The faculty presented the results of their research at the largest international machine learning conference NeurIPS
From December 2 to December 8, 2018, the 32nd Neural Information Processing Systems (NeurIPS 2018) international conference was held in Montreal. Every year, NeurIPS gathers thousands of machine learning researchers who present their scientific results in the field of deep learning, reinforcement learning, scalable optimization, Bayesian methods, and other subsections of machine learning. The number of articles submitted to the conference is growing every year, and this year it amounted to 4854 (of which 1019 were accepted).
This year, on the main track of the conference three papers from the Faculty of Computer Science were presented: “Loss Surfaces, Mode Connectivity, and Fast Ensembling of DNNs” (spotlight by Timur Garipov, Pavel Izmailov, Dmitry Podoprikhin, Dmitry Vetrov and Andrew Gordon Wilson), “Quantifying Learning Guarantees for Convex but Inconsistent Surrogates” (poster report by Kirill Struminsky, Simon Lacoste-Julien and Anton Osokin), both from the Bayesian research group, and “Non-metric Similarity Graphs for Maximum Inner Product Search” (poster report by Stanislav Morozov and Artem Babenko) from the Joint Department with Yandex.
Dmitry Vetrov, a research professor at the Faculty of Computer Science, was invited to give a talk on workshop on Bayesian Deep Learning.

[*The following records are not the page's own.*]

lemma pmod_iso_intsum_Cons:
  assumes "pmod_iso complement (intsum Is)"
  shows "pmod_iso X (intsum (I # Is))"
proof -
  obtain \<psi> where \<psi>: "is_hom complement (intsum Is) \<psi>"
    "\<And>t. bij_betw (\<psi> t) (sp complement t) (sp (intsum Is) t)"
    using assms unfolding pmod_iso_def by blast
  show ?thesis
    unfolding pmod_iso_def using is_hom_split[OF \<psi>(1)] bij_split[OF \<psi>(2)] by blast
qed

end

lemma mono_le_or_same_fibre:
  fixes \<pi> :: "'a::linorder \<Rightarrow> 'b::order"
  assumes "mono \<pi>" "\<pi> a \<le> \<pi> t"
  shows "a \<le> t \<or> \<pi> a = \<pi> t"
proof (cases "a \<le> t")
  case False
  then have "\<pi> t \<le> \<pi> a"
    using monoD[OF assms(1)] by simp
  then show ?thesis
    using assms(2) by simp
qed simp

lemma is_intv_fibres:
  fixes \<pi> :: "real \<Rightarrow> 'b::order"
  assumes "mono \<pi>" "\<pi> a \<le> \<pi> b"
  shows "is_intv {t. \<pi> a \<le> \<pi> t \<and> \<pi> t \<le> \<pi> b}"
  unfolding is_intv_def
proof (intro conjI ballI allI impI)
  show "{t. \<pi> a \<le> \<pi> t \<and> \<pi> t \<le> \<pi> b} \<noteq> {}"
    using assms(2) by auto
  fix x y z assume "x \<in> {t. \<pi> a \<le> \<pi> t \<and> \<pi> t \<le> \<pi> b}" "z \<in> {t. \<pi> a \<le> \<pi> t \<and> \<pi> t \<le> \<pi> b}"
    and "x \<le> y \<and> y \<le> z"
  then show "y \<in> {t. \<pi> a \<le> \<pi> t \<and> \<pi> t \<le> \<pi> b}"
    using monoD[OF assms(1), of x y] monoD[OF assms(1), of y z] by auto
qed

context
  fixes X :: "'k::field pmod" and \<pi> :: "real \<Rightarrow> nat"
  assumes X: "is_pmod X" and \<pi>: "encoding X \<pi>"
begin

context
  fixes t\<^sub>0 t\<^sub>1 :: real and v\<^sub>0 :: "'k Defs.vec" and I :: "real set"
  assumes v\<^sub>0: "v\<^sub>0 \<in> sp X t\<^sub>0" and t\<^sub>0\<^sub>1: "t\<^sub>0 \<le> t\<^sub>1"
    and below: "\<And>s. \<pi> s < \<pi> t\<^sub>0 \<Longrightarrow> sp X s = {0}"
    and above: "\<And>t. t\<^sub>0 \<le> t \<Longrightarrow> \<pi> t\<^sub>1 < \<pi> t \<Longrightarrow> mp X t\<^sub>0 t v\<^sub>0 = 0"
    and I: "I = {t. \<pi> t\<^sub>0 \<le> \<pi> t \<and> \<pi> t \<le> \<pi> t\<^sub>1}"
begin
lemma small_Union: "small I \<Longrightarrow> (\<And>X. X \<in> I \<Longrightarrow> small X) \<Longrightarrow> small (\<Union>I)"
  using small_UN[of I "\<lambda>X. X"] by simp

lemma finite_small: "finite A \<Longrightarrow> small A"
  using finite_ordLess_infinite[of "|A|" kap] card_order cinfinite unfolding cinfinite_def
  by (simp add: card_of_well_order_on card_order_on_well_order_on Field_card_of)

lemma small_insert: "small A \<Longrightarrow> small (insert a A)"
  using small_Un[of "{a}" A] finite_small[of "{a}"] by simp

lemma not_small_Diff: "\<not> small A \<Longrightarrow> small B \<Longrightarrow> \<not> small (A - B)"
  using small_Un[of "A - B" B] small_subset[of "A - B \<union> B" A] by auto

lemma not_small_nonempty: "\<not> small A \<Longrightarrow> A \<noteq> {}"
  using finite_small by auto

end

locale kl_connected_graph = regular_cardinal kap for kap :: "'k rel" +
  fixes V :: "'v set" and E :: "'v set set" and lam :: "'k rel"
  assumes card_order_lam: "Card_order lam"
    and cinfinite_lam: "BNF_Cardinal_Arithmetic.cinfinite lam"
    and lam_less_kap: "lam <o kap"
    and kl_connected: "kl_connected V E kap lam"
begin

abbreviation comps :: "'v set \<Rightarrow> 'v set set" where "comps S \<equiv> components V E S"

lemma components_bounds: "S \<subseteq> V \<Longrightarrow> small S \<Longrightarrow> comps S \<noteq> {} \<and> |comps S| <o lam"
  using kl_connected unfolding kl_connected_def by blast

lemma small_if_ordLess_lam: "|A| <o lam \<Longrightarrow> small A"
  using lam_less_kap ordLess_transitive by blast

lemma small_components: "S \<subseteq> V \<Longrightarrow> small S \<Longrightarrow> small (comps S)"
  using components_bounds small_if_ordLess_lam by blast

(* The only use of lambda being infinite: it makes kappa uncountable. *)
lemma small_UNIV_nat: "small (UNIV :: nat set)"
proof -
  have "natLeq \<le>o lam" using natLeq_ordLeq_cinfinite card_order_lam cinfinite_lam by blast
  then have "natLeq <o kap" using lam_less_kap ordLeq_ordLess_trans by blast
  then show ?thesis using card_of_nat ordIso_ordLess_trans by blast
qed

lemma not_small_complement: "S \<subseteq> V \<Longrightarrow> small S \<Longrightarrow> \<not> small (V - S)"
  using components_bounds[of V] components_of_V small_Un[of S "V - S"] by (auto simp: Un_absorb1)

He told about semi-implicit probabilistic models — models that combine the flexibility of implicit probabilistic models (such as GAN) and the simplicity of explicit training (for example, Normalizing Flows).
In addition, several papers from Bayesian research group (employees of the Centre for Deep Learning and Bayesian Methods, Samsung-HSE Laboratory, the Center for Artificial Intelligence of Samsung in Moscow) were presented on workshops:
- Importance Weighted Hierarchical Variational Inference (by Artem Sobolev and Dmitry Vetrov)
- Variational Dropout via Empirical Bayes (by Valery Kharitonov, Dmitry Molchanov and Dmitry Vetrov)
- Subset-Conditioned Generation Using Variational Autoencoder With A Learnable Tensor-Train Induced Prior (by Maxim Kuznetsov, Daniil Polykovskiy and Dmitry Vetrov)
- Joint Belief Tracking and Reward Optimization through Approximate Inference (by Pavel Shvechikov, , Arseny Kuznetsov, Alexander Fritsler and lexander GrishinDmitry Vetrov)
- Bayesian Sparsification of Gated Recurrent Neural Networks (by , katerina Lobacheva and adezhda ChirkovaDmitry Vetrov)
In “Loss Surfaces, Mode Connectivity, and Fast Ensembling of DNNs” we explored and empirically investigated an important feature of neural networks (NNs): it turns out that the independent optima of NN based loss functions are in fact connected by simple continuous curves over which training loss and test accuracy are nearly constant. This opens up possibilities for more efficient ensembling of neural networks. At the moment, we are continuing research in this direction.